Treatment method of coal tar containing a large amount of solids {METHOD FOR TREATING HIGH SOLID COAL TAR}

The present invention relates to a method for treating coal tar containing a large amount of solids, and more particularly, to recover coal tar from which solids have been removed from coal tar containing a large amount of solids, and to obtain coal tar sludge having a low quinoline content as a by-product. It is about a method.

Coal tar, which contains a large amount of solids, is extremely limited in its use as a byproduct during the production of coke used in the steel industry.
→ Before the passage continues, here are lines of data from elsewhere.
lemma stable_density_sums:
  fixes \<alpha> \<eta> x :: real
  assumes "1 < \<alpha>" "\<alpha> \<le> 2" "\<eta> > 0"
  shows "(\<lambda>n. of_real ((- x) ^ n / fact n * \<eta> powr (- ((real n + 1) / \<alpha>))
                         * rGamma (1 - (real n + 1) / \<alpha>) / \<alpha>))
           sums stable_density \<alpha> x (2 - \<alpha>) \<eta>"
proof -
  define \<theta> where "\<theta> = pi * (2 - \<alpha>) / 2"
  have "0 \<le> \<theta>" "\<theta> < pi / 2" using assms(1,2) by (simp_all add: \<theta>_def)
  then have "cos \<theta> > 0" by (intro cos_gt_zero_pi) auto
  define c\<^sub>1 where "c\<^sub>1 = of_real \<eta> * exp (\<i> * of_real (- \<theta>))"
  define c\<^sub>2 where "c\<^sub>2 = of_real \<eta> * exp (\<i> * of_real \<theta>)"
  have "Re c\<^sub>1 > 0" "Re c\<^sub>2 > 0"
    using assms(3) \<open>cos \<theta> > 0\<close> by (simp_all add: c\<^sub>1_def c\<^sub>2_def Re_exp)
  obtain I\<^sub>1 where sums_pos:
      "(\<lambda>n. ((- \<i> * of_real x) ^ n /\<^sub>R fact n) * (of_real (Gamma ((real n + 1) / \<alpha>) / \<alpha>)
               * c\<^sub>1 powr (- of_real ((real n + 1) / \<alpha>)))) sums I\<^sub>1"
    and int_pos: "((\<lambda>\<beta>. exp (- \<i> * of_real (\<beta> * x)) * exp (- (c\<^sub>1 * of_real (\<beta> powr \<alpha>))))
                     has_integral I\<^sub>1) {0<..}"
    using has_integral_Fourier_exp_neg_powr[OF assms(1) \<open>Re c\<^sub>1 > 0\<close>] by blast
  obtain I\<^sub>2 where sums_neg:
      "(\<lambda>n. ((- \<i> * of_real (- x)) ^ n /\<^sub>R fact n) * (of_real (Gamma ((real n + 1) / \<alpha>) / \<alpha>)
               * c\<^sub>2 powr (- of_real ((real n + 1) / \<alpha>)))) sums I\<^sub>2"
    and int_neg: "((\<lambda>\<beta>. exp (- \<i> * of_real (\<beta> * - x)) * exp (- (c\<^sub>2 * of_real (\<beta> powr \<alpha>))))
                     has_integral I\<^sub>2) {0<..}"
    using has_integral_Fourier_exp_neg_powr[OF assms(1) \<open>Re c\<^sub>2 > 0\<close>] by blast
  define F where "F = (\<lambda>\<beta>::real. exp (- \<i> * of_real (\<beta> * x)) *
      exp (- of_real (\<eta> * \<bar>\<beta>\<bar> powr \<alpha>) * exp (- \<i> * of_real (pi * (2 - \<alpha>) / 2 * sgn \<beta>))))"
  have "(F has_integral I\<^sub>1) {0<..}"
    by (rule has_integral_eq[OF _ int_pos])
       (simp add: F_def c\<^sub>1_def \<theta>_def algebra_simps diff_divide_distrib)
  moreover have "((\<lambda>\<beta>. F (- \<beta>)) has_integral I\<^sub>2) {0<..}"
    by (rule has_integral_eq[OF _ int_neg]) (simp add: F_def c\<^sub>2_def \<theta>_def algebra_simps)
  ultimately have "stable_density \<alpha> x (2 - \<alpha>) \<eta> = 1 / (2 * of_real pi) * (I\<^sub>1 + I\<^sub>2)"
    unfolding stable_density_def F_def[symmetric] by (simp add: has_integral_UNIV_halves integral_unique)
  moreover have "(\<lambda>n. 1 / (2 * of_real pi) * (
      ((- \<i> * of_real x) ^ n /\<^sub>R fact n) * (of_real (Gamma ((real n + 1) / \<alpha>) / \<alpha>)
               * c\<^sub>1 powr (- of_real ((real n + 1) / \<alpha>)))
      + ((- \<i> * of_real (- x)) ^ n /\<^sub>R fact n) * (of_real (Gamma ((real n + 1) / \<alpha>) / \<alpha>)
               * c\<^sub>2 powr (- of_real ((real n + 1) / \<alpha>)))))
        sums (1 / (2 * of_real pi) * (I\<^sub>1 + I\<^sub>2))"
    by (intro sums_mult sums_add sums_pos sums_neg)
  ultimately show ?thesis
    unfolding c\<^sub>1_def c\<^sub>2_def \<theta>_def stable_density_series_term[OF assms] by simp
qed

definition mainardi :: "real \<Rightarrow> real \<Rightarrow> real" where
  "mainardi \<nu> z = (\<Sum>k. (- z) ^ k / fact k * rGamma (1 - \<nu> * (real k + 1)))"

lemma u_sol_eq_mainardi:
  "u_sol lam \<nu> x t = mainardi (\<nu> / 2) (\<bar>x\<bar> / (lam * t powr (\<nu> / 2))) / (2 * lam * t powr (\<nu> / 2))"
proof -
  have exponent: "- \<nu> * real k / 2 + 1 - \<nu> / 2 = 1 - \<nu> / 2 * (real k + 1)" for k :: nat
    by (simp add: algebra_simps)
  show ?thesis unfolding u_sol_def mainardi_def exponent by simp
qed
In general, solids consist of a combination of various substances such as ash, quinoline insoluble (QI), coal, coke and Cenosphere. These solids must be removed from coal tar because they are not suitable for the raw material process for coal tar carbonaceous products. At this time, when the solid content cannot be sufficiently removed from coal tar, it is disposed of or used for fuel.

Conventionally, coal tar containing a large amount of solids is used alone or as a fuel by mixing with petroleum oil. Such coal tar contains more than 0.1 wt% of quinoline. As quinoline is recently designated as a toxic substance, coal tar having a quinoline content of more than 0.1 wt% cannot be used for fuel and must be disposed of.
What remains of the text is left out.